Spectral techniques for high-resolution thermal characterization with limited sensor data

Abstract

Elevated chip temperatures are true limiters to the scalability of computing systems. Excessive runtime thermal variations compromise the performance and reliability of integrated circuits. To address these thermal issues, state-of-the-art chips have integrated thermal sensors that monitor temperatures at a few selected die locations. These temperature measurements are then used by thermal management techniques to appropriately manage chip performance. Thermal sensors and their support circuitry incur design overheads, die area, and manufacturing costs. In this paper, we propose a new direction for full thermal characterization of integrated circuits based on spectral Fourier analysis techniques. Application of these techniques to temperature sensing is based on the observation that die temperature is simply a space-varying signal, and that space-varying signals are treated identically to time-varying signals in signal analysis.
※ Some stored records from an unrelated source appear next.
definition sigma2_step_list :: "vec4 list" where
  "sigma2_step_list = [(-1, -1, 0, 0), (-1, 1, 0, 0), (1, -1, 0, 0), (1, 1, 0, 0), (-1, 0, -1, 0), (-1, 0, 1, 0), (1, 0, -1, 0), (1, 0, 1, 0), (-1, 0, 0, -1), (-1, 0, 0, 1), (1, 0, 0, -1), (1, 0, 0, 1), (0, -1, -1, 0), (0, -1, 1, 0), (0, 1, -1, 0), (0, 1, 1, 0), (0, -1, 0, -1), (0, -1, 0, 1), (0, 1, 0, -1), (0, 1, 0, 1), (0, 0, -1, -1), (0, 0, -1, 1), (0, 0, 1, -1), (0, 0, 1, 1)]"

definition sigma2_steps :: "vec4 set" where
  "sigma2_steps = set sigma2_step_list"

lemma sum_sigma2_steps: "(\<Sum>s\<in>sigma2_steps. f s) = (\<Sum>s\<leftarrow>sigma2_step_list. f s)"
  by (simp add: sigma2_steps_def sum.distinct_set_conv_list sigma2_step_list_def)

definition exponent_vector :: "(nat \<Rightarrow> int) \<Rightarrow> vec4" where
  "exponent_vector e = (e 0, e 1, e 2, e 3)"

lemma sigma2_monomials_eq_image:
  "sigma2_monomials = (\<lambda>(a, b, ea, eb) j. if j = a then ea else if j = b then eb else 0) `
     set [(a, b, ea, eb). (a, b) \<leftarrow> [(0, 1), (0, 2), (0, 3), (1, 2), (1, 3), (2, 3)], ea \<leftarrow> [-1, 1], eb \<leftarrow> [-1, 1]]"
  (is "_ = _ ` set ?indices")
proof -
  let ?I = "{(a, b, ea, eb). a < b \<and> b < (4::nat) \<and> ea \<in> {-1, 1::int} \<and> eb \<in> {-1, 1::int}}"
  have "list_all (\<lambda>x. x \<in> ?I) ?indices"
    by simp
  then have "set ?indices \<subseteq> ?I"
    by (simp only: list_all_iff subset_code(1))
  moreover have "?I \<subseteq> set ?indices"
  proof
    fix x assume "x \<in> ?I"
    then obtain a b ea eb where x: "x = (a, b, ea, eb)" and "a < b" "b < 4" and ea: "ea = -1 \<or> ea = 1" and eb: "eb = -1 \<or> eb = 1"
      by blast
    then have "a = 0 \<and> b = 1 \<or> a = 0 \<and> b = 2 \<or> a = 0 \<and> b = 3 \<or> a = 1 \<and> b = 2 \<or> a = 1 \<and> b = 3 \<or> a = 2 \<and> b = 3"
      by (auto simp: less_Suc_eq numeral_eq_Suc)
    with ea eb show "x \<in> set ?indices"
      unfolding x by (elim disjE conjE; simp)
  qed
  ultimately have indices: "set ?indices = ?I" by (rule antisym)
  show ?thesis
    unfolding sigma2_monomials_def indices by (simp add: image_def)
qed

lemma exponent_vector_sigma2_monomials: "exponent_vector ` sigma2_monomials = sigma2_steps"
  by (simp add: sigma2_monomials_eq_image exponent_vector_def sigma2_steps_def sigma2_step_list_def)

lemma sigma2_monomial_vanishes: "e \<in> sigma2_monomials \<Longrightarrow> 4 \<le> j \<Longrightarrow> e j = 0"
  unfolding sigma2_monomials_def by auto

lemma inj_on_exponent_vector: "inj_on exponent_vector sigma2_monomials"
proof (rule inj_onI, rule ext)
  fix e e' j assume "e \<in> sigma2_monomials" "e' \<in> sigma2_monomials" and eq: "exponent_vector e = exponent_vector e'"
  show "e j = e' j"
  proof (cases "j < 4")
    case True
    then have "j = 0 \<or> j = 1 \<or> j = 2 \<or> j = 3" by auto
    with eq show ?thesis by (auto simp: exponent_vector_def)
  next
    case False
    with \<open>e \<in> sigma2_monomials\<close> \<open>e' \<in> sigma2_monomials\<close> show ?thesis
      by (simp add: sigma2_monomial_vanishes)
  qed
qed

lemma r24_eq_walk_count: "int (r24 n) = walk_count sigma2_steps n 0"
proof -
  have "(\<forall>j. (\<Sum>x\<leftarrow>xs. x j) = 0) \<longleftrightarrow> sum_list (map exponent_vector xs) = 0"
    if "set xs \<subseteq> sigma2_monomials" for xs
  proof -
    have high: "(\<Sum>x\<leftarrow>xs. x j) = 0" if "4 \<le> j" for j
      using \<open>set xs \<subseteq> sigma2_monomials\<close> by (induction xs) (simp_all add: sigma2_monomial_vanishes that)
    have "(\<forall>j. (\<Sum>x\<leftarrow>xs. x j) = 0) \<longleftrightarrow> (\<forall>j<4. (\<Sum>x\<leftarrow>xs. x j) = 0)"
      using high not_le by blast
    also have "\<dots> \<longleftrightarrow> exponent_vector (\<lambda>j. \<Sum>x\<leftarrow>xs. x j) = 0"
      unfolding four_cases by (auto simp: exponent_vector_def zero_prod_def)
    also have "exponent_vector (\<lambda>j. \<Sum>x\<leftarrow>xs. x j) = sum_list (map exponent_vector xs)"
      by (induction xs) (simp_all add: exponent_vector_def zero_prod_def flip: add_Pair)
    finally show ?thesis .
  qed
  then have "r24 n = card {ys. length ys = n \<and> set ys \<subseteq> sigma2_steps \<and> sum_list ys = 0}"
    unfolding r24_def exponent_vector_sigma2_monomials[symmetric]
    by (intro card_lists_transfer inj_on_exponent_vector)
  then show ?thesis
    by (simp add: walk_count_eq_card sigma2_steps_def)
qed

fun coord :: "nat \<Rightarrow> vec4 \<Rightarrow> int" where
  "coord i (a, b, c, d) = (if i = 0 then a else if i = 1 then b else if i = 2 then c else d)"

lemma coord_diff: "coord i (x - y) = coord i x - coord i y"
  by (cases x; cases y) simp

fun norm1 :: "vec4 \<Rightarrow> int" where
  "norm1 (a, b, c, d) = \<bar>a\<bar> + \<bar>b\<bar> + \<bar>c\<bar> + \<bar>d\<bar>"

fun coord_sum :: "vec4 \<Rightarrow> int" where
  "coord_sum (a, b, c, d) = a + b + c + d"

lemma coord_sum_add: "coord_sum (x + y) = coord_sum x + coord_sum y"
  by (cases x; cases y) simp

lemma norm1_add_sigma2_step: "s \<in> sigma2_steps \<Longrightarrow> norm1 (x + s) \<le> norm1 x + 2"
  by (cases x) (auto simp: sigma2_steps_def sigma2_step_list_def)

lemma even_coord_sum_sigma2_step: "s \<in> sigma2_steps \<Longrightarrow> even (coord_sum s)"
  by (auto simp: sigma2_steps_def sigma2_step_list_def)

lemma walk_count_sigma2_support:
  assumes "walk_count sigma2_steps k u \<noteq> 0"
  shows "norm1 u \<le> 2 * int k \<and> even (coord_sum u)"
  using assms
proof (rule walk_count_nonzero_induct[where P = "\<lambda>k u. norm1 u \<le> 2 * int k \<and> even (coord_sum u)"])
  fix k x s assume "norm1 x \<le> 2 * int k \<and> even (coord_sum x)" and "s \<in> sigma2_steps"
  then show "norm1 (x + s) \<le> 2 * int (Suc k) \<and> even (coord_sum (x + s))"
    using norm1_add_sigma2_step[of s x] even_coord_sum_sigma2_step[of s] by (auto simp: coord_sum_add)
qed (simp add: zero_prod_def)

definition box :: "int \<Rightarrow> vec4 set" where
  "box r = {-r..r} \<times> {-r..r} \<times> {-r..r} \<times> {-r..r}"

lemma finite_box: "finite (box r)"
  by (simp add: box_def)

lemma norm1_le_imp_in_box: "norm1 u \<le> r \<Longrightarrow> u \<in> box r"
  by (cases u) (auto simp: box_def)

lemma box_add_sigma2_step: "t \<in> box r \<Longrightarrow> s \<in> sigma2_steps \<Longrightarrow> r < r' \<Longrightarrow> t + s \<in> box r'"
  by (cases t) (auto simp: box_def sigma2_steps_def sigma2_step_list_def)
We utilize Nyquist-Shannon sampling theory to devise methods that can almost fully reconstruct the thermal status of an integrated circuit during runtime using a minimal number of thermal sensors. We propose methods that can handle uniform and non-uniform thermal sensor placements. We develop an extensive experimental setup and demonstrate the effectiveness of our methods by thermally characterizing a 16-core processor. Our method produces full thermal characterization with an average absolute error of 0.6% using a limited number of sensors.